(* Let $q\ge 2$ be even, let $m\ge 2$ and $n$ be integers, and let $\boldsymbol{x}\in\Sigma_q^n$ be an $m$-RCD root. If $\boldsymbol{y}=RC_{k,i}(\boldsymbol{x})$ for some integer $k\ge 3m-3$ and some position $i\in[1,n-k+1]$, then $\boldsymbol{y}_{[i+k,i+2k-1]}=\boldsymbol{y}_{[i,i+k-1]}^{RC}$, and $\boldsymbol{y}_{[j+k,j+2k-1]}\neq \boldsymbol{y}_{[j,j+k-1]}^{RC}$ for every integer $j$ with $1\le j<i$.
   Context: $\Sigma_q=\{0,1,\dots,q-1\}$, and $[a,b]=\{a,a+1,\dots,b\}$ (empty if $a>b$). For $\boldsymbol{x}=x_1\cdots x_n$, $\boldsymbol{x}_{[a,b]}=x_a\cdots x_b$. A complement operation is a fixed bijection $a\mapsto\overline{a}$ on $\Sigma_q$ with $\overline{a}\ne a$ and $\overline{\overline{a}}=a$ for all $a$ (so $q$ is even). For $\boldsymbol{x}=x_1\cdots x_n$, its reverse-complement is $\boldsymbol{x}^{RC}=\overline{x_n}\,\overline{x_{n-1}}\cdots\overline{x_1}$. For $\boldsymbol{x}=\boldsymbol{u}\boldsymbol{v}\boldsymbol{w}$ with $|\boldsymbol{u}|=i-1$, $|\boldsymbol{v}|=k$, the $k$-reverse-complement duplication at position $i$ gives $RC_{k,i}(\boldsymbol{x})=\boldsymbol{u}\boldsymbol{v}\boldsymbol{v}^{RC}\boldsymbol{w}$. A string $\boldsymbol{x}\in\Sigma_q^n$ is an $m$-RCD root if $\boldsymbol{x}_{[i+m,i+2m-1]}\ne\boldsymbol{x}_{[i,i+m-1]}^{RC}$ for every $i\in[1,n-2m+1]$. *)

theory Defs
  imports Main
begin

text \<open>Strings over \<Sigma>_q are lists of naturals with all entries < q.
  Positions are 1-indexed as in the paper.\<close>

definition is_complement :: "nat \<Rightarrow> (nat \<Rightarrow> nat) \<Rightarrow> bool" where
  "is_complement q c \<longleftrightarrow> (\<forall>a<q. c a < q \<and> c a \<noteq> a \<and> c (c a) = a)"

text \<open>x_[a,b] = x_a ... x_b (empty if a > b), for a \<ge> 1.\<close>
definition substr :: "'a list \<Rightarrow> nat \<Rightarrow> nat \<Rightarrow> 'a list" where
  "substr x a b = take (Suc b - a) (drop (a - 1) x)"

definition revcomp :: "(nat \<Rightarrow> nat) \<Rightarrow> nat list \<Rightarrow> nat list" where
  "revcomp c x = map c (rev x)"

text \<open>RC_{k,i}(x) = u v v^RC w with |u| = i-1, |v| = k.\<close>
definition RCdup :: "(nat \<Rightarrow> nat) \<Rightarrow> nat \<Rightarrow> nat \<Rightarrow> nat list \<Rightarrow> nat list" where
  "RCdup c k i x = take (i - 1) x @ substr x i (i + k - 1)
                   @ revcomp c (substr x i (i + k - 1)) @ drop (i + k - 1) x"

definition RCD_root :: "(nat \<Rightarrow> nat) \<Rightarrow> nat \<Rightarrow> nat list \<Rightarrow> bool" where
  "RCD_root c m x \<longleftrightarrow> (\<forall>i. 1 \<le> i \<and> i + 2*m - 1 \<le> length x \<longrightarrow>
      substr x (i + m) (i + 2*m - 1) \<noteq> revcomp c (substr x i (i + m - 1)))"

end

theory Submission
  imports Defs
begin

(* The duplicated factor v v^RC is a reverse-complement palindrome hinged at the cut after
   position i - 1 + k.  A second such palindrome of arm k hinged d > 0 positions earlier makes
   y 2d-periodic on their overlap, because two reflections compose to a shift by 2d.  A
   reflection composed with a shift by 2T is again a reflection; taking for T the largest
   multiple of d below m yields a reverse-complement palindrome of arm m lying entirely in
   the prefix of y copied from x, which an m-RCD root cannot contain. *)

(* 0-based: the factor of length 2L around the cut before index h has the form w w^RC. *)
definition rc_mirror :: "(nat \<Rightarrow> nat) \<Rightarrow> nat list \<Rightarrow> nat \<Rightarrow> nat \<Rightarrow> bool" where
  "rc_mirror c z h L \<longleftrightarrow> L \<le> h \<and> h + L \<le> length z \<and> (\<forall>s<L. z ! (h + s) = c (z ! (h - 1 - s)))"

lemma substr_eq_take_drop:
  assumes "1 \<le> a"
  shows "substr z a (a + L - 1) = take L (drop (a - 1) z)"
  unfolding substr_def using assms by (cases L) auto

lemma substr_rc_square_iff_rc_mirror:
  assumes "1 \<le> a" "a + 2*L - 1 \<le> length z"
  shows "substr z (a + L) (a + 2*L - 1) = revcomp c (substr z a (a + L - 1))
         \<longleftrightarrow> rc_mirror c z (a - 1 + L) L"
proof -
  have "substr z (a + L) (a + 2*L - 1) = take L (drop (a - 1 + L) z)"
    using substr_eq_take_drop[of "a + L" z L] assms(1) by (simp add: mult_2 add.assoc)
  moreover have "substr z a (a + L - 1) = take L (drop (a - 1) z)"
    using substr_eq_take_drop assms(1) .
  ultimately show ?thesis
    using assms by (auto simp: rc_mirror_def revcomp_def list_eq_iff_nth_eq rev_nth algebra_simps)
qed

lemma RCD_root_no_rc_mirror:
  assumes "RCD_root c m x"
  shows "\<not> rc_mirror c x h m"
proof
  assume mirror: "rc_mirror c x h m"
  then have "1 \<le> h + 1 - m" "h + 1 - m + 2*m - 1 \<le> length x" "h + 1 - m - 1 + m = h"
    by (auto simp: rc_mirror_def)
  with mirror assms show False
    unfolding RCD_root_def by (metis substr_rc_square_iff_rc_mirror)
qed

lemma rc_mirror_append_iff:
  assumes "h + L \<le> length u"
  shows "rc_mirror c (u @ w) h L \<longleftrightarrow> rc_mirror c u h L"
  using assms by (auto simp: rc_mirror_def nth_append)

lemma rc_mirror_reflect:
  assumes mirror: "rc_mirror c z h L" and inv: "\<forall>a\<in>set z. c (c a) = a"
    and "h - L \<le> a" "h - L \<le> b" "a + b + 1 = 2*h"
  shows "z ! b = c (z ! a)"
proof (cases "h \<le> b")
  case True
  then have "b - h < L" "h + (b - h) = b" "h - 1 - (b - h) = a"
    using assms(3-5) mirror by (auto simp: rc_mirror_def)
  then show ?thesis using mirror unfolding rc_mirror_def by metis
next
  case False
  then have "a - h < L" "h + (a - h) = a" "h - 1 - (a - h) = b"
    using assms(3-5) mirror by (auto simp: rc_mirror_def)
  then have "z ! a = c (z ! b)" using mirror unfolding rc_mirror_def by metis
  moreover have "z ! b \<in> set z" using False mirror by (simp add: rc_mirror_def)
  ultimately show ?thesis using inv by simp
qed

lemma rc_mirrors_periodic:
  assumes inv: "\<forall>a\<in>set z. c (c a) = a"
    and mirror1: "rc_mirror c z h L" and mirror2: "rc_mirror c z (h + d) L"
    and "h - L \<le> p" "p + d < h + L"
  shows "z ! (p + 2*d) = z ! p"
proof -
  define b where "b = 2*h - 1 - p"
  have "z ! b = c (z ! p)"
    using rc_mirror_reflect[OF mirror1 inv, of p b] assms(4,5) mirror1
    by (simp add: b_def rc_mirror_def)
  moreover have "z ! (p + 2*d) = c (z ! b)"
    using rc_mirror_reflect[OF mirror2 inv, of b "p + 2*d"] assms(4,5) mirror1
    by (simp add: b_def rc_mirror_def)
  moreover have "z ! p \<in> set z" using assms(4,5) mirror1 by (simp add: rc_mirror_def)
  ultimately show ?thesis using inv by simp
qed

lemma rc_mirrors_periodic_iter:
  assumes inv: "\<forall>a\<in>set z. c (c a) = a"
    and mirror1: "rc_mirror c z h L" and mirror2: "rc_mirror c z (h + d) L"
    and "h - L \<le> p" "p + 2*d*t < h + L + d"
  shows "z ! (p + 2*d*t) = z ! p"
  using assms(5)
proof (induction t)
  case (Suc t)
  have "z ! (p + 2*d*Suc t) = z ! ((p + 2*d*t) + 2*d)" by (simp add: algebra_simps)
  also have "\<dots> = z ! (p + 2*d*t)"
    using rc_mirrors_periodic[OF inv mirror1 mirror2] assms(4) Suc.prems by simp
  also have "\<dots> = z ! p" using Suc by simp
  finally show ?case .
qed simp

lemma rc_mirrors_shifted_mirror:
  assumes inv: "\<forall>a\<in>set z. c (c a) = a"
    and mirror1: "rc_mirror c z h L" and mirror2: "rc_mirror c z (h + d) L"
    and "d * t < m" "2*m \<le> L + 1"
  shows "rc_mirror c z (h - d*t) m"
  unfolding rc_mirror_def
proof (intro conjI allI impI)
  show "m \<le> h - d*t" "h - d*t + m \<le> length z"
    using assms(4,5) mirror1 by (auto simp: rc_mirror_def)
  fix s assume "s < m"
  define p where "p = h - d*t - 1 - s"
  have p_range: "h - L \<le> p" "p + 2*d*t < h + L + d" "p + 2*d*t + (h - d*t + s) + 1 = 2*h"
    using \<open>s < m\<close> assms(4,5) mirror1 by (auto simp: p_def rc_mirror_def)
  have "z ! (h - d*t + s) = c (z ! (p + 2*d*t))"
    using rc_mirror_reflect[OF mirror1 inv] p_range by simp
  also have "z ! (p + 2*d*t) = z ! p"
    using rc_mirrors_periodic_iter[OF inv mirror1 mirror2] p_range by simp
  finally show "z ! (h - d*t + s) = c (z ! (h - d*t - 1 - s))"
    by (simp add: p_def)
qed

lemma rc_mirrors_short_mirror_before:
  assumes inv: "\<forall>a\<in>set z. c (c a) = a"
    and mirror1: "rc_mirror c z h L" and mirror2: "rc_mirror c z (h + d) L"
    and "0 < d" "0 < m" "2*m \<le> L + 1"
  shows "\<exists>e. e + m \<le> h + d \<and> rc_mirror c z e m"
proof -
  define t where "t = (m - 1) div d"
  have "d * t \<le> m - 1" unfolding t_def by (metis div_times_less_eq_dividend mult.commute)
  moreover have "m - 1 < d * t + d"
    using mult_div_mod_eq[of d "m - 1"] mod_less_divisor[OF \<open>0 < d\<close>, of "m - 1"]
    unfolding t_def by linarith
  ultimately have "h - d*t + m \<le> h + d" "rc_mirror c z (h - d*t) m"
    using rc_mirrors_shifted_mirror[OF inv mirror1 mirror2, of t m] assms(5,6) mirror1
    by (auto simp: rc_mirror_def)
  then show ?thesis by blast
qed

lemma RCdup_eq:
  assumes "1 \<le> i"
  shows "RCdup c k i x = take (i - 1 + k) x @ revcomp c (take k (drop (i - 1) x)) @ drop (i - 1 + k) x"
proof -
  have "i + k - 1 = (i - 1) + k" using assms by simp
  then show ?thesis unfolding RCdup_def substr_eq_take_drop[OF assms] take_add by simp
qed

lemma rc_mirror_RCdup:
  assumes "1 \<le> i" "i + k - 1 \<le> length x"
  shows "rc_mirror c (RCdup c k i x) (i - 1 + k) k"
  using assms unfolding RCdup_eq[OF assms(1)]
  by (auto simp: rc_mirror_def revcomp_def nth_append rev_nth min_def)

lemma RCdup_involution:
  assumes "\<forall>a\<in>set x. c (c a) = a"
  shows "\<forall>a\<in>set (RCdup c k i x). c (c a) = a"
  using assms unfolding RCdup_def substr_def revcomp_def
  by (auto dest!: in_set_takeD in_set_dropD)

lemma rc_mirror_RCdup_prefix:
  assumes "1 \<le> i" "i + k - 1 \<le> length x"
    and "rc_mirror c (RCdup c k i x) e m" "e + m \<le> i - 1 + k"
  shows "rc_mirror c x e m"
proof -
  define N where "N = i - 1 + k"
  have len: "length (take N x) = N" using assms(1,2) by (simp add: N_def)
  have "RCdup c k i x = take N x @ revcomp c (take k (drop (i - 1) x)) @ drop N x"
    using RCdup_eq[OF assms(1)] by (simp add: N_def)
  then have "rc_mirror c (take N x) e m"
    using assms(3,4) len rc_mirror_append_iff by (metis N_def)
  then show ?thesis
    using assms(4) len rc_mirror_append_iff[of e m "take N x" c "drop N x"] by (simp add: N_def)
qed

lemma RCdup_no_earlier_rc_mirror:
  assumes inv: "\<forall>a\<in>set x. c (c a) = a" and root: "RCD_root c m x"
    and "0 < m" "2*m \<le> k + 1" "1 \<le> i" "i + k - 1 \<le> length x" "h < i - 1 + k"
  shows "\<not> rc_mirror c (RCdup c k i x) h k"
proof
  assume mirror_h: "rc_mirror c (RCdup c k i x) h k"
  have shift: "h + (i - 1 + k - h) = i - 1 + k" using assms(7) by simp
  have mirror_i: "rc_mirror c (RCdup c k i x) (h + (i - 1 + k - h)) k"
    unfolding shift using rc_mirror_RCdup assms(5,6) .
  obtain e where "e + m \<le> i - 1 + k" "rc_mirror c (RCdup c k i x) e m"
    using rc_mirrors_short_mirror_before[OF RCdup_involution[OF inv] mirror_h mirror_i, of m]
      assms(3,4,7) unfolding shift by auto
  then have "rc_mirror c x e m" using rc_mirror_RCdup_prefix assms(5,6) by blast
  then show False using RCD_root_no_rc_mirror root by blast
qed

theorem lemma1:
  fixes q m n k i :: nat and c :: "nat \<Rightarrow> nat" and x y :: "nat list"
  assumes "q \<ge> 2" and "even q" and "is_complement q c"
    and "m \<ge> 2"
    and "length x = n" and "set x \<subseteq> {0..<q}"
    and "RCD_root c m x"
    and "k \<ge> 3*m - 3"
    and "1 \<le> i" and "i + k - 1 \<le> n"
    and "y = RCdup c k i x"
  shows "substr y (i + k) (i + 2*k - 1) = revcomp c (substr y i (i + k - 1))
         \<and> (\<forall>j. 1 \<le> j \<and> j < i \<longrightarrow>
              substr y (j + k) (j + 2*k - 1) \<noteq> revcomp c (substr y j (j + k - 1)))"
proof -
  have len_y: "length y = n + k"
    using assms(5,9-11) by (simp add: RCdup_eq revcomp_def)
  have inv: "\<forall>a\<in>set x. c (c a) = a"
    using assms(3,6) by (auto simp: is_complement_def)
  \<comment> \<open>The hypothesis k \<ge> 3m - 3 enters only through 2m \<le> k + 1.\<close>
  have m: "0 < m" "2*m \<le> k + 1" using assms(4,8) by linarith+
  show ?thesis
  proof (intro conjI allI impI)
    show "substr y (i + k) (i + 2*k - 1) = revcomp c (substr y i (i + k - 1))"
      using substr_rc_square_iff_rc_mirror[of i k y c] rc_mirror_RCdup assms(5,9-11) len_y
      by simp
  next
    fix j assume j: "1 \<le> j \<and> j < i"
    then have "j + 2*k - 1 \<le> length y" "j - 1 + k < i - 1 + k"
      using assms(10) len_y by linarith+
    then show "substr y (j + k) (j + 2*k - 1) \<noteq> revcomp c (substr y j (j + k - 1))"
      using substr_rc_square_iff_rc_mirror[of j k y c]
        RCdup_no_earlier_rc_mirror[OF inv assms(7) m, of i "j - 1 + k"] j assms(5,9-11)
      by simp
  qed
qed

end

====

_TASK DESCRIPTION_. Lines that contain "False" are to be copied from the records above.

_EXERCISE ANSWER_.
  with mirror assms show False
  case False
  moreover have "z ! b \<in> set z" using False mirror by (simp add: rc_mirror_def)
  then show False using RCD_root_no_rc_mirror root by blast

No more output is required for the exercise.